**BRIEF**
From the data below, set down exactly the lines between the one holding "k \<longrightarrow> \<not>" and the one holding "column in [n-k].\<close>", inclusive, and no others.

Recorded data
┄┄┄┄┄┄┄┄┄┄┄┄┄┄┄┄┄┄┄┄

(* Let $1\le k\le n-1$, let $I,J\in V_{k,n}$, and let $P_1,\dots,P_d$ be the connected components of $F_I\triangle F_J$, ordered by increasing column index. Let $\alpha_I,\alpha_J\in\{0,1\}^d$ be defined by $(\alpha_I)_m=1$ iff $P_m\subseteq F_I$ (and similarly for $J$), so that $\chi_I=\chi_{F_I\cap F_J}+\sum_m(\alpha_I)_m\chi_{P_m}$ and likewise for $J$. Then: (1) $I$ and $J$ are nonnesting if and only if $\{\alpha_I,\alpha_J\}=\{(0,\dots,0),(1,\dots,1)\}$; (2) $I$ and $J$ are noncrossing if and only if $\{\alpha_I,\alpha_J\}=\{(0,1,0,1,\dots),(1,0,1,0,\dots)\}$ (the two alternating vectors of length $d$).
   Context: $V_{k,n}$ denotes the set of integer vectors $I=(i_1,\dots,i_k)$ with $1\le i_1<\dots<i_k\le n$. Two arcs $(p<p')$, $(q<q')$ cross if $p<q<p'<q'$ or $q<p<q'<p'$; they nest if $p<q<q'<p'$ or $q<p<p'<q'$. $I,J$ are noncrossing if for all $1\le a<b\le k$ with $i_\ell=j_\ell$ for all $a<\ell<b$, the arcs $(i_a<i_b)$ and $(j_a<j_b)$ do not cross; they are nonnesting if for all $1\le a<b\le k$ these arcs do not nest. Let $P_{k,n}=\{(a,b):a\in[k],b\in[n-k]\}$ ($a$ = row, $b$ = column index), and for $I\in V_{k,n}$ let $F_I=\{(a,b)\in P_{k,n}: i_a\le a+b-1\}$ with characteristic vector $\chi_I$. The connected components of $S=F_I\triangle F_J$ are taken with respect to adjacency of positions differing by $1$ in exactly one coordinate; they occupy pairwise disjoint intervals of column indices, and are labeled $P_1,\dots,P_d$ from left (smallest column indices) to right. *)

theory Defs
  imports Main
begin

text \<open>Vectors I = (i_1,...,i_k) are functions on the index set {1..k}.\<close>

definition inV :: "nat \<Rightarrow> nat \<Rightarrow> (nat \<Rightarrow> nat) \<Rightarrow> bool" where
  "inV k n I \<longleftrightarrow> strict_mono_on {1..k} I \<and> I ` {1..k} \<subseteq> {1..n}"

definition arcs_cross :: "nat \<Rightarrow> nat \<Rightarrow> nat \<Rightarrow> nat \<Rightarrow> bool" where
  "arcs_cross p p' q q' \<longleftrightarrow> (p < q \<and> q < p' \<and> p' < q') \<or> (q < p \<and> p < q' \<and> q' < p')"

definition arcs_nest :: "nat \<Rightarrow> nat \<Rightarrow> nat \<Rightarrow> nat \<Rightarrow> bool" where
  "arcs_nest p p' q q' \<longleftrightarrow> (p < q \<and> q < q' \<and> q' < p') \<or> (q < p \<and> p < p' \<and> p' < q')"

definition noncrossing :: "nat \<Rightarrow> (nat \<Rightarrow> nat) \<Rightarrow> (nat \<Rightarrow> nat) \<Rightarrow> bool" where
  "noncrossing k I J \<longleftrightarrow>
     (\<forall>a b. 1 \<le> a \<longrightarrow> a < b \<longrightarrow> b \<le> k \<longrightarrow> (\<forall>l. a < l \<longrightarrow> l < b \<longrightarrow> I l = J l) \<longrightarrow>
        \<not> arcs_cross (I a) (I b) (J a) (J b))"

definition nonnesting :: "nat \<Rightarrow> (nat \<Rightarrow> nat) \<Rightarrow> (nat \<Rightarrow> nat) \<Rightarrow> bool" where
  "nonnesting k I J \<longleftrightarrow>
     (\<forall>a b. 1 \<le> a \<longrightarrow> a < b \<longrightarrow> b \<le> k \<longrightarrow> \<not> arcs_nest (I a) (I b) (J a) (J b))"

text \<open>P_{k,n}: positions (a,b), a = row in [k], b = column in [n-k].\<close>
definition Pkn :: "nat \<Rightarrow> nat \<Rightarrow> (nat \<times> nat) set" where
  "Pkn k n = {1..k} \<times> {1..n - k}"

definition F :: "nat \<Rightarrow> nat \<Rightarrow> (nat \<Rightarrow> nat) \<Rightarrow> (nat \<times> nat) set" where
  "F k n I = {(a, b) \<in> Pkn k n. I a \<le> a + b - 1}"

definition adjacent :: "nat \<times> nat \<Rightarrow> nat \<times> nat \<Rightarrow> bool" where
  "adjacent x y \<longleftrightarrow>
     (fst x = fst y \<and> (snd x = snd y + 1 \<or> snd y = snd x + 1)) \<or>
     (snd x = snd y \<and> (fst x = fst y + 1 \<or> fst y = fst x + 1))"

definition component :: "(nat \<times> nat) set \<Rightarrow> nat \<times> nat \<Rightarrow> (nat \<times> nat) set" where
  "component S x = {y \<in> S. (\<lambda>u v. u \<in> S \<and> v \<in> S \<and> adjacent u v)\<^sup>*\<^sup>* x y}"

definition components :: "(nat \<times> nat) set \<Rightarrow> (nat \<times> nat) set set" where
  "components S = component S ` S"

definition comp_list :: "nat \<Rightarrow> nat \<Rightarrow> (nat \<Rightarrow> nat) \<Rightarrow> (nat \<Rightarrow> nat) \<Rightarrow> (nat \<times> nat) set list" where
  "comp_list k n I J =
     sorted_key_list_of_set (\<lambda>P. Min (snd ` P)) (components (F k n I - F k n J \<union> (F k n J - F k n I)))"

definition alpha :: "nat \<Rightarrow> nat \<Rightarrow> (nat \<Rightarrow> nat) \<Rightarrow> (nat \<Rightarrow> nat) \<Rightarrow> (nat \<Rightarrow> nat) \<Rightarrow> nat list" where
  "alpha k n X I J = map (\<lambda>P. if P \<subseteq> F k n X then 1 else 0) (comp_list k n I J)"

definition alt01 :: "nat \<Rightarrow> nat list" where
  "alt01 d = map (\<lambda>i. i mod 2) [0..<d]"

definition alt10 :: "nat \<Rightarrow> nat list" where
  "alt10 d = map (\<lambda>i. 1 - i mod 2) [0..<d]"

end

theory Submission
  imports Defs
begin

┄┄┄┄┄┄┄┄┄┄┄┄┄┄┄┄┄┄┄┄

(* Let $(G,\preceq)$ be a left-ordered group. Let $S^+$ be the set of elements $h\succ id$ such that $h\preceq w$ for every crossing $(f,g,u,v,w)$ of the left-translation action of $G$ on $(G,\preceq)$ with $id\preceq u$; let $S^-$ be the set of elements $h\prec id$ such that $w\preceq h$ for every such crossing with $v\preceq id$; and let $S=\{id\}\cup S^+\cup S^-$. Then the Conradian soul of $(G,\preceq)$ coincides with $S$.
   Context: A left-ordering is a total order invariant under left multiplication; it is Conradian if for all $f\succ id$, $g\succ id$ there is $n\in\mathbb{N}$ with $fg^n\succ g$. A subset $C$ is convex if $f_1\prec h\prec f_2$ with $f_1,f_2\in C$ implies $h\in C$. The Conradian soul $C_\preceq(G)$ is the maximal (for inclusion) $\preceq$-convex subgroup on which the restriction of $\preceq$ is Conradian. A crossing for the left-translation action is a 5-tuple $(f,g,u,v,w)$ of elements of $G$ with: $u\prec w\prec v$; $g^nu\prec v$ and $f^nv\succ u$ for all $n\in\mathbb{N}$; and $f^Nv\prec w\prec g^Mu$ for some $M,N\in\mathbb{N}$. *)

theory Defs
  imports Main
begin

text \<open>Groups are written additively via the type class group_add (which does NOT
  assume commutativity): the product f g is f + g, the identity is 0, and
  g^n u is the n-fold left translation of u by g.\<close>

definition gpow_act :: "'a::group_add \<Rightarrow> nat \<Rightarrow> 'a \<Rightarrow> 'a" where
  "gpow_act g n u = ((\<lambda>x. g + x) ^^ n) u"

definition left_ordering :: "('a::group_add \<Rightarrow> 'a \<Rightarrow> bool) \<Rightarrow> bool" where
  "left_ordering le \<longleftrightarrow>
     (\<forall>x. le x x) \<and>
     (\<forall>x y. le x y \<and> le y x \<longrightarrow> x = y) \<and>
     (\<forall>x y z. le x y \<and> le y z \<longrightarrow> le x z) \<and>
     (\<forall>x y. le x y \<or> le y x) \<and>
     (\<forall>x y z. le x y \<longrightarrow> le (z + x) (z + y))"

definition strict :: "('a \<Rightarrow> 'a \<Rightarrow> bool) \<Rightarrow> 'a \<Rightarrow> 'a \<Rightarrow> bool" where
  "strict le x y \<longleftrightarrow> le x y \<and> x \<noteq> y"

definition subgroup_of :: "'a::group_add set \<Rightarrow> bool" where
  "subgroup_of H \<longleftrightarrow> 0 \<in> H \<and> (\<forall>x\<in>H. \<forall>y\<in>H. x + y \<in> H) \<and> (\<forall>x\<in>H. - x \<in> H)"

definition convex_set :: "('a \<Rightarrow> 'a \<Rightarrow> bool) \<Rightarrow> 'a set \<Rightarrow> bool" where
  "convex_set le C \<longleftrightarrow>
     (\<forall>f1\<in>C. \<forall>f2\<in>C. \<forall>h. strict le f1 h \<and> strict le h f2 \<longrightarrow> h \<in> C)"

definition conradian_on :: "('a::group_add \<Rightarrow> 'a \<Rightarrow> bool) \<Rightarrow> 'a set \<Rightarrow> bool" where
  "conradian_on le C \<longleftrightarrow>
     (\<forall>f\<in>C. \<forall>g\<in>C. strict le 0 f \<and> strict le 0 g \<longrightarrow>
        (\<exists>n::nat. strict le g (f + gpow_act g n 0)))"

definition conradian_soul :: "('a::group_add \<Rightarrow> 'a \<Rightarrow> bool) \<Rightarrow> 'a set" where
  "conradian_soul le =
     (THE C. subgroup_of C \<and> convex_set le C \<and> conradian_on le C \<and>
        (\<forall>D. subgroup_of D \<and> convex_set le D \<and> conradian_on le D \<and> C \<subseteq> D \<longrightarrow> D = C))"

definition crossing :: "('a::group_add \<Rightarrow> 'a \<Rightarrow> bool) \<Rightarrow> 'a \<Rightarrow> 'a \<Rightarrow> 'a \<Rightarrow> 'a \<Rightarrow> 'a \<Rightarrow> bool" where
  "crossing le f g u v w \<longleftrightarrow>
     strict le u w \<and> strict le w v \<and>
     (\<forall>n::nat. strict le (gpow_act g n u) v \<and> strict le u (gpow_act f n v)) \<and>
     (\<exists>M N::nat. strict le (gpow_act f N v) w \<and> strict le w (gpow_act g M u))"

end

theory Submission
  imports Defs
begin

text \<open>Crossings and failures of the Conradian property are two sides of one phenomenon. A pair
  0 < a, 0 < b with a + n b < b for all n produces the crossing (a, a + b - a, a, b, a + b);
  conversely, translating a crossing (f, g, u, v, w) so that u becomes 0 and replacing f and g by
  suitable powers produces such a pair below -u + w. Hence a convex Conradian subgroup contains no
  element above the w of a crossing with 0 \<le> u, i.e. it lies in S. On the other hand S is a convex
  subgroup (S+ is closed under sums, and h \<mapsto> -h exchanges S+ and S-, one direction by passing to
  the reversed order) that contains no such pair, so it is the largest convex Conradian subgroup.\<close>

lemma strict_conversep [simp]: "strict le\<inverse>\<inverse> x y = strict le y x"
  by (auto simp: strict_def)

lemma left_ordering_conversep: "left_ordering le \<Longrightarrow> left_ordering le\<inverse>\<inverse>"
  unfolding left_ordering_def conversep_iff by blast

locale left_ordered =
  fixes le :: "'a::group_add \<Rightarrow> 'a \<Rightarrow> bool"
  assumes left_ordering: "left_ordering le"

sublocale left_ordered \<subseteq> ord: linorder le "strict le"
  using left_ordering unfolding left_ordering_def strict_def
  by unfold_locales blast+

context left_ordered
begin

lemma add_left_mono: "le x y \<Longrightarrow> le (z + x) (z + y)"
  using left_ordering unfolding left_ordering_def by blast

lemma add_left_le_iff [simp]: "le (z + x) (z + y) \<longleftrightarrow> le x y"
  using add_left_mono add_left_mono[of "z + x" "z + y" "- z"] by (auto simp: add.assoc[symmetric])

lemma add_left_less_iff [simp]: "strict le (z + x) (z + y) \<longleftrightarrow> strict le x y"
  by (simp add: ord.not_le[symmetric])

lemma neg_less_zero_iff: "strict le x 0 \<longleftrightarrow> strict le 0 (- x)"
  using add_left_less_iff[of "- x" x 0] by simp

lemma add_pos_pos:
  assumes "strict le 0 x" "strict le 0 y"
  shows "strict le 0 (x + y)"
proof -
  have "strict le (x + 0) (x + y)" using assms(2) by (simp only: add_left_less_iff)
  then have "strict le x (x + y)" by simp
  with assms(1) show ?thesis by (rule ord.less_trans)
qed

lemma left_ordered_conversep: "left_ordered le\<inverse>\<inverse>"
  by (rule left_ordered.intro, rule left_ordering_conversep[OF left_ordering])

┄┄┄┄┄┄┄┄┄┄┄┄┄┄┄┄┄┄┄┄

**SOLVED EXERCISE**
     (\<forall>a b. 1 \<le> a \<longrightarrow> a < b \<longrightarrow> b \<le> k \<longrightarrow> \<not> arcs_nest (I a) (I b) (J a) (J b))"

text \<open>P_{k,n}: positions (a,b), a = row in [k], b = column in [n-k].\<close>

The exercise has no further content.